**Activity**. Look below for the line that contains "text \<open>A complex", then copy it and each following line exactly, through and including the line that contains "Fix a unit vector".

--- START ---

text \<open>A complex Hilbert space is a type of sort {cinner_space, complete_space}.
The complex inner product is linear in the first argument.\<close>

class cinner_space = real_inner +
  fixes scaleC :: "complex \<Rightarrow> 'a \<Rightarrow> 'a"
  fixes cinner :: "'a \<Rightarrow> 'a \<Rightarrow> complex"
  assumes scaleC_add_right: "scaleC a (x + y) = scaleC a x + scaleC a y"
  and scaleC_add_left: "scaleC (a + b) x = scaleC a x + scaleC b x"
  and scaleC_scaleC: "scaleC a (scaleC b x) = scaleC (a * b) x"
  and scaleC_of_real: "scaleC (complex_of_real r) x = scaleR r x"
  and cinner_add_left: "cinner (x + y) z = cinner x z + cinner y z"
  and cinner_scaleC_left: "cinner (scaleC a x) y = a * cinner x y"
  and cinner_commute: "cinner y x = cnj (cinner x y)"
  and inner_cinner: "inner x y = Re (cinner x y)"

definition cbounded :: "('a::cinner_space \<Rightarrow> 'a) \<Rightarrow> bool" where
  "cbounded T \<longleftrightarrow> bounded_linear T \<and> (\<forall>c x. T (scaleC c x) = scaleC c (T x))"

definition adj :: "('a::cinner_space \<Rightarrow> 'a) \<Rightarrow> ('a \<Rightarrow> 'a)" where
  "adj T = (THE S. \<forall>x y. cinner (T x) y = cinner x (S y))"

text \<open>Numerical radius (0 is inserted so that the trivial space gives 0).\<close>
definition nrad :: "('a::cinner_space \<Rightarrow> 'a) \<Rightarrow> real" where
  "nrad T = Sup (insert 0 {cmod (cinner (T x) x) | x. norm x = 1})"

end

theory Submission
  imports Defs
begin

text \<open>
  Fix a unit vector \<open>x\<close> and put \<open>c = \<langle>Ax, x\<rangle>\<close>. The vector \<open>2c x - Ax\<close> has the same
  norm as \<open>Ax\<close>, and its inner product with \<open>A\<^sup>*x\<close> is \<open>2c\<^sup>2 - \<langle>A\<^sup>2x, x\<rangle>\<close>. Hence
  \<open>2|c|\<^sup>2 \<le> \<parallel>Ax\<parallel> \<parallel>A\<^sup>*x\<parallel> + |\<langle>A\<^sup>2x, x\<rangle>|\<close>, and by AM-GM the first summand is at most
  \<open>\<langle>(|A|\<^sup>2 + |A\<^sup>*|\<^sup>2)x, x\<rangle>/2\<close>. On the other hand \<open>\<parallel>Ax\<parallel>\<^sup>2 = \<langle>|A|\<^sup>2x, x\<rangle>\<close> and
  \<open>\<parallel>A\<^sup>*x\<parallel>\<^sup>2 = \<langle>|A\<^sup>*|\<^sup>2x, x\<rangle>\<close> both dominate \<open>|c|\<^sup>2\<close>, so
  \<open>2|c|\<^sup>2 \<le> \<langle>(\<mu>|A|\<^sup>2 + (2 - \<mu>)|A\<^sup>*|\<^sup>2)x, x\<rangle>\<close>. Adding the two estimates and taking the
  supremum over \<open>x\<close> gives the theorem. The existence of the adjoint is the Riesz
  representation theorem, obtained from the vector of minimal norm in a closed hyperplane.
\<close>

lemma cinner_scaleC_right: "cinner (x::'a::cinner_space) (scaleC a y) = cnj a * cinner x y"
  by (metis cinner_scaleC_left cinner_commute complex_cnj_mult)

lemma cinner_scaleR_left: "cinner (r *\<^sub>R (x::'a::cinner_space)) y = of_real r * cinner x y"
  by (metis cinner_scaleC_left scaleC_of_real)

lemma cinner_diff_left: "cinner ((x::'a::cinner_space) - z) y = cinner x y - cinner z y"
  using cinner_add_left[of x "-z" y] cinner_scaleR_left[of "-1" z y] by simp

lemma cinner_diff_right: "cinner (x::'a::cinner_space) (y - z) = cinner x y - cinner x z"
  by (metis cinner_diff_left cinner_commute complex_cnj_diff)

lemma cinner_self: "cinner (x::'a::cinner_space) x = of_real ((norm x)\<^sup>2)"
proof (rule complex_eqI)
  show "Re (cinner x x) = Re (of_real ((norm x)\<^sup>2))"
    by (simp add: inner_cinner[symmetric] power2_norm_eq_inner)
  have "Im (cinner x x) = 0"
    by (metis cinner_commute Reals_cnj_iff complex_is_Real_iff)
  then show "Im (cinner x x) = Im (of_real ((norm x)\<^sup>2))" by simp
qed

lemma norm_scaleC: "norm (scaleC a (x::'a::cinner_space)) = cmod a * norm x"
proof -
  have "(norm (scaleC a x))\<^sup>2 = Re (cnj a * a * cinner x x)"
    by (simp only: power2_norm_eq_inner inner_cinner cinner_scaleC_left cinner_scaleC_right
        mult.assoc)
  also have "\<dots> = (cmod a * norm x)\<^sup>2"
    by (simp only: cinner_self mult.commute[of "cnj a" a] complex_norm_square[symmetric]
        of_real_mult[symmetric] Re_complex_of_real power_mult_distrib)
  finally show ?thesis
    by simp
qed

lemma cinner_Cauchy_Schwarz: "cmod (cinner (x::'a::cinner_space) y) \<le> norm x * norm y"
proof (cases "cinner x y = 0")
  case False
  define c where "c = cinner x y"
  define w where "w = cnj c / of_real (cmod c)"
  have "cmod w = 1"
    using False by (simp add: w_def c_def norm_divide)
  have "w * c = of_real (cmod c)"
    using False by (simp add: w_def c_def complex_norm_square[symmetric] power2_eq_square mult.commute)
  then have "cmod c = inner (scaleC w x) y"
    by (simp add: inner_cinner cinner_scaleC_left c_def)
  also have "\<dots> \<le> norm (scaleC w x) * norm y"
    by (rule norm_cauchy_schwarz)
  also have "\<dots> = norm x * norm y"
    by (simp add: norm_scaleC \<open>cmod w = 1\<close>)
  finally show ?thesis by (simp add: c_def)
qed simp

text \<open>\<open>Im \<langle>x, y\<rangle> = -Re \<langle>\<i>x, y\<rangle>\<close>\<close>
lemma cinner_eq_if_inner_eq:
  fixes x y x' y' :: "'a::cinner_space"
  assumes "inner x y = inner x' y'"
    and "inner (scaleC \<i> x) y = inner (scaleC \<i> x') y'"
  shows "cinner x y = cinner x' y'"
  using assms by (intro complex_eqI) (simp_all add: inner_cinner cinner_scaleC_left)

--- END ---
--- START ---

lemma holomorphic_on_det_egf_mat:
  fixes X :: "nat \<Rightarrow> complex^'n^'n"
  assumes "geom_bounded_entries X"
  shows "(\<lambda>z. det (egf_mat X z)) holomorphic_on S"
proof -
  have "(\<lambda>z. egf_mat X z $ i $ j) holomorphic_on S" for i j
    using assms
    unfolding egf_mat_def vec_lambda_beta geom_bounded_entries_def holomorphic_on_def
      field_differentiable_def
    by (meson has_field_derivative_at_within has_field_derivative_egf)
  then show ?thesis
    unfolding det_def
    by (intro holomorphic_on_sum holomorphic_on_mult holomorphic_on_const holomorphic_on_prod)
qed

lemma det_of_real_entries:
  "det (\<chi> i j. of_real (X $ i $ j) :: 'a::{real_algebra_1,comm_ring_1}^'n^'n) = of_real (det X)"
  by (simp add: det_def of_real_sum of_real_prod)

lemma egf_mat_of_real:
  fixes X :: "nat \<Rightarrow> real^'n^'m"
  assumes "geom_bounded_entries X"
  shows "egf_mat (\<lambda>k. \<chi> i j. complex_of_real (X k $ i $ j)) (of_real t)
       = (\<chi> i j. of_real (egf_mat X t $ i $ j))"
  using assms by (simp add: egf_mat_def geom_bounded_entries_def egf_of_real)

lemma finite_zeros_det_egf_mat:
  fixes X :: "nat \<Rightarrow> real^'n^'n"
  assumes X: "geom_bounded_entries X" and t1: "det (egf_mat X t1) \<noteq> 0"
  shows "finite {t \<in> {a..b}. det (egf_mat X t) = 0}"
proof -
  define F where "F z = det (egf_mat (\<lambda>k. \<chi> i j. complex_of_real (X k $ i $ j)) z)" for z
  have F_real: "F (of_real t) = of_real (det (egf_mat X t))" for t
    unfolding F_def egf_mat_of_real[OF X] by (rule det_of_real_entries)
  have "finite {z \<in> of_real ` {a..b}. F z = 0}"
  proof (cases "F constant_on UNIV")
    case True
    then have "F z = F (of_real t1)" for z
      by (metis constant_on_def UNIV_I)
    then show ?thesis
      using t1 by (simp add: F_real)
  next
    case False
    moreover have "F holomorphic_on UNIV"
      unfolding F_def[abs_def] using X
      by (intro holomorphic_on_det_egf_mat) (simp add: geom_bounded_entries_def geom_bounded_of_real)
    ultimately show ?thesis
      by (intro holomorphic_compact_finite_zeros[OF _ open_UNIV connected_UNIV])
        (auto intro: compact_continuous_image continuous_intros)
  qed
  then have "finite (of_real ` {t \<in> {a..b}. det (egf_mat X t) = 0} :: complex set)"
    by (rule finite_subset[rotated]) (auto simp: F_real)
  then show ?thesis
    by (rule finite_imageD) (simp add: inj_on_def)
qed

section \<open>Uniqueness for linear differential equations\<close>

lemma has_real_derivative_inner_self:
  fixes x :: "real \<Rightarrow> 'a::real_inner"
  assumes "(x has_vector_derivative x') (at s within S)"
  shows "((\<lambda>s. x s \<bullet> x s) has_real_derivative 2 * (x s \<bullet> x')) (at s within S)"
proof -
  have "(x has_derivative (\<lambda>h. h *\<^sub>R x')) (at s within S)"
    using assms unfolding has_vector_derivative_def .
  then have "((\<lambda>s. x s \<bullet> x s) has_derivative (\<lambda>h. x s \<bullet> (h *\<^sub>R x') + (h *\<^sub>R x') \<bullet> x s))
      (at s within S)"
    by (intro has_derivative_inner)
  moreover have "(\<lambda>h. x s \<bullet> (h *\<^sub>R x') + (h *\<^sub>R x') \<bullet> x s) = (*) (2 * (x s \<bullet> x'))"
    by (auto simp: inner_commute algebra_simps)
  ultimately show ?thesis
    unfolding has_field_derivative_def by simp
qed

--- END ---
--- START ---

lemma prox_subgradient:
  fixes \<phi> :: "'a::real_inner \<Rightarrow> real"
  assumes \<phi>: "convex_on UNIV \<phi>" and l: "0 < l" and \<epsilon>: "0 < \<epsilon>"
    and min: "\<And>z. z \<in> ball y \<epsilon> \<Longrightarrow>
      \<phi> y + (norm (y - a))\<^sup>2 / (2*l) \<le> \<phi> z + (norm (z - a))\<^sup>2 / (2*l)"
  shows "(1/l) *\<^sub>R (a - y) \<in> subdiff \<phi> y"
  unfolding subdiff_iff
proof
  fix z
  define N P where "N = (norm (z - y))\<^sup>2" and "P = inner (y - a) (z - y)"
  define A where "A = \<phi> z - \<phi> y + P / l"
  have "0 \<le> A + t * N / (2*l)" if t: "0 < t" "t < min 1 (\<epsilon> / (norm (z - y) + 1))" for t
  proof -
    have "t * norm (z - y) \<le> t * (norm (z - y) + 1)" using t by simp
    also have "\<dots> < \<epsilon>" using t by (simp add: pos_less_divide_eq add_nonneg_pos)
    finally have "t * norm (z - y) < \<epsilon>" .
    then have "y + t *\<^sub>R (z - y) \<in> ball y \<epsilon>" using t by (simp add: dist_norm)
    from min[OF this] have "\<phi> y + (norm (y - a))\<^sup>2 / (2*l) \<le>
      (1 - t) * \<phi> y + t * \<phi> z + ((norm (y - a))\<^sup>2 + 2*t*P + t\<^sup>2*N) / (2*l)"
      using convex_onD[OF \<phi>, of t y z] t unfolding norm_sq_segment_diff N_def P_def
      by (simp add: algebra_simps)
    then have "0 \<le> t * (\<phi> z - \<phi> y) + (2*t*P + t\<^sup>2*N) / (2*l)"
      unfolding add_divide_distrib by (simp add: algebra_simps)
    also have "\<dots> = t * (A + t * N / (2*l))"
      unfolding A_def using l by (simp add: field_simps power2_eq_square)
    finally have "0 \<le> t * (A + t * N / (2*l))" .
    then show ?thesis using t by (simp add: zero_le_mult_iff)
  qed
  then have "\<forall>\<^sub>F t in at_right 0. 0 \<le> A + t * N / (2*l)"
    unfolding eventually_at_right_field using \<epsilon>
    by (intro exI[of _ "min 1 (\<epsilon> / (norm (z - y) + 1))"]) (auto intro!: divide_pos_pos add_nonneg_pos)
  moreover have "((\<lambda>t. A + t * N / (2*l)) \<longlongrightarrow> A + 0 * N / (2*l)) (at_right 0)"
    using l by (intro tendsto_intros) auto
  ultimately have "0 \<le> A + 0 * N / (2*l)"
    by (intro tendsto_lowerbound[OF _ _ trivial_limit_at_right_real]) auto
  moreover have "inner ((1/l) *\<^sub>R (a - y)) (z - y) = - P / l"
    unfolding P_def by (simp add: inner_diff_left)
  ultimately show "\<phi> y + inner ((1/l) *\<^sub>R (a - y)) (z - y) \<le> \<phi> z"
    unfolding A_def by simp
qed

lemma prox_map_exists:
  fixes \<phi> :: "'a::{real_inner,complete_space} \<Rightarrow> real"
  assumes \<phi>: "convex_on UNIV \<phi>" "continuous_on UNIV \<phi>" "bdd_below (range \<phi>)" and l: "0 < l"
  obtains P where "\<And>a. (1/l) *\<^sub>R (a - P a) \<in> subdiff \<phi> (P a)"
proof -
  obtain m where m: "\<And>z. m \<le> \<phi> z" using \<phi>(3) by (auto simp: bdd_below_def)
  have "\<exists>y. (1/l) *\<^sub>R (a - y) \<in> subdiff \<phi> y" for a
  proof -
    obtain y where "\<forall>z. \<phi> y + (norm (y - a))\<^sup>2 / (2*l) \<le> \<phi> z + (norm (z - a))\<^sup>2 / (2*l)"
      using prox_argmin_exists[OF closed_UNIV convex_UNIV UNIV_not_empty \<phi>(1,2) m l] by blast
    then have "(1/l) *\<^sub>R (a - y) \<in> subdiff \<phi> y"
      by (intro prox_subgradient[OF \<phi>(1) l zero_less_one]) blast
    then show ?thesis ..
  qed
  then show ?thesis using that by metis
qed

--- END ---

**Reply to the exercise**.
text \<open>A complex Hilbert space is a type of sort {cinner_space, complete_space}.
The complex inner product is linear in the first argument.\<close>

class cinner_space = real_inner +
  fixes scaleC :: "complex \<Rightarrow> 'a \<Rightarrow> 'a"
  fixes cinner :: "'a \<Rightarrow> 'a \<Rightarrow> complex"
  assumes scaleC_add_right: "scaleC a (x + y) = scaleC a x + scaleC a y"
  and scaleC_add_left: "scaleC (a + b) x = scaleC a x + scaleC b x"
  and scaleC_scaleC: "scaleC a (scaleC b x) = scaleC (a * b) x"
  and scaleC_of_real: "scaleC (complex_of_real r) x = scaleR r x"
  and cinner_add_left: "cinner (x + y) z = cinner x z + cinner y z"
  and cinner_scaleC_left: "cinner (scaleC a x) y = a * cinner x y"
  and cinner_commute: "cinner y x = cnj (cinner x y)"
  and inner_cinner: "inner x y = Re (cinner x y)"

definition cbounded :: "('a::cinner_space \<Rightarrow> 'a) \<Rightarrow> bool" where
  "cbounded T \<longleftrightarrow> bounded_linear T \<and> (\<forall>c x. T (scaleC c x) = scaleC c (T x))"

definition adj :: "('a::cinner_space \<Rightarrow> 'a) \<Rightarrow> ('a \<Rightarrow> 'a)" where
  "adj T = (THE S. \<forall>x y. cinner (T x) y = cinner x (S y))"

text \<open>Numerical radius (0 is inserted so that the trivial space gives 0).\<close>
definition nrad :: "('a::cinner_space \<Rightarrow> 'a) \<Rightarrow> real" where
  "nrad T = Sup (insert 0 {cmod (cinner (T x) x) | x. norm x = 1})"

end

theory Submission
  imports Defs
begin

text \<open>
  Fix a unit vector \<open>x\<close> and put \<open>c = \<langle>Ax, x\<rangle>\<close>. The vector \<open>2c x - Ax\<close> has the same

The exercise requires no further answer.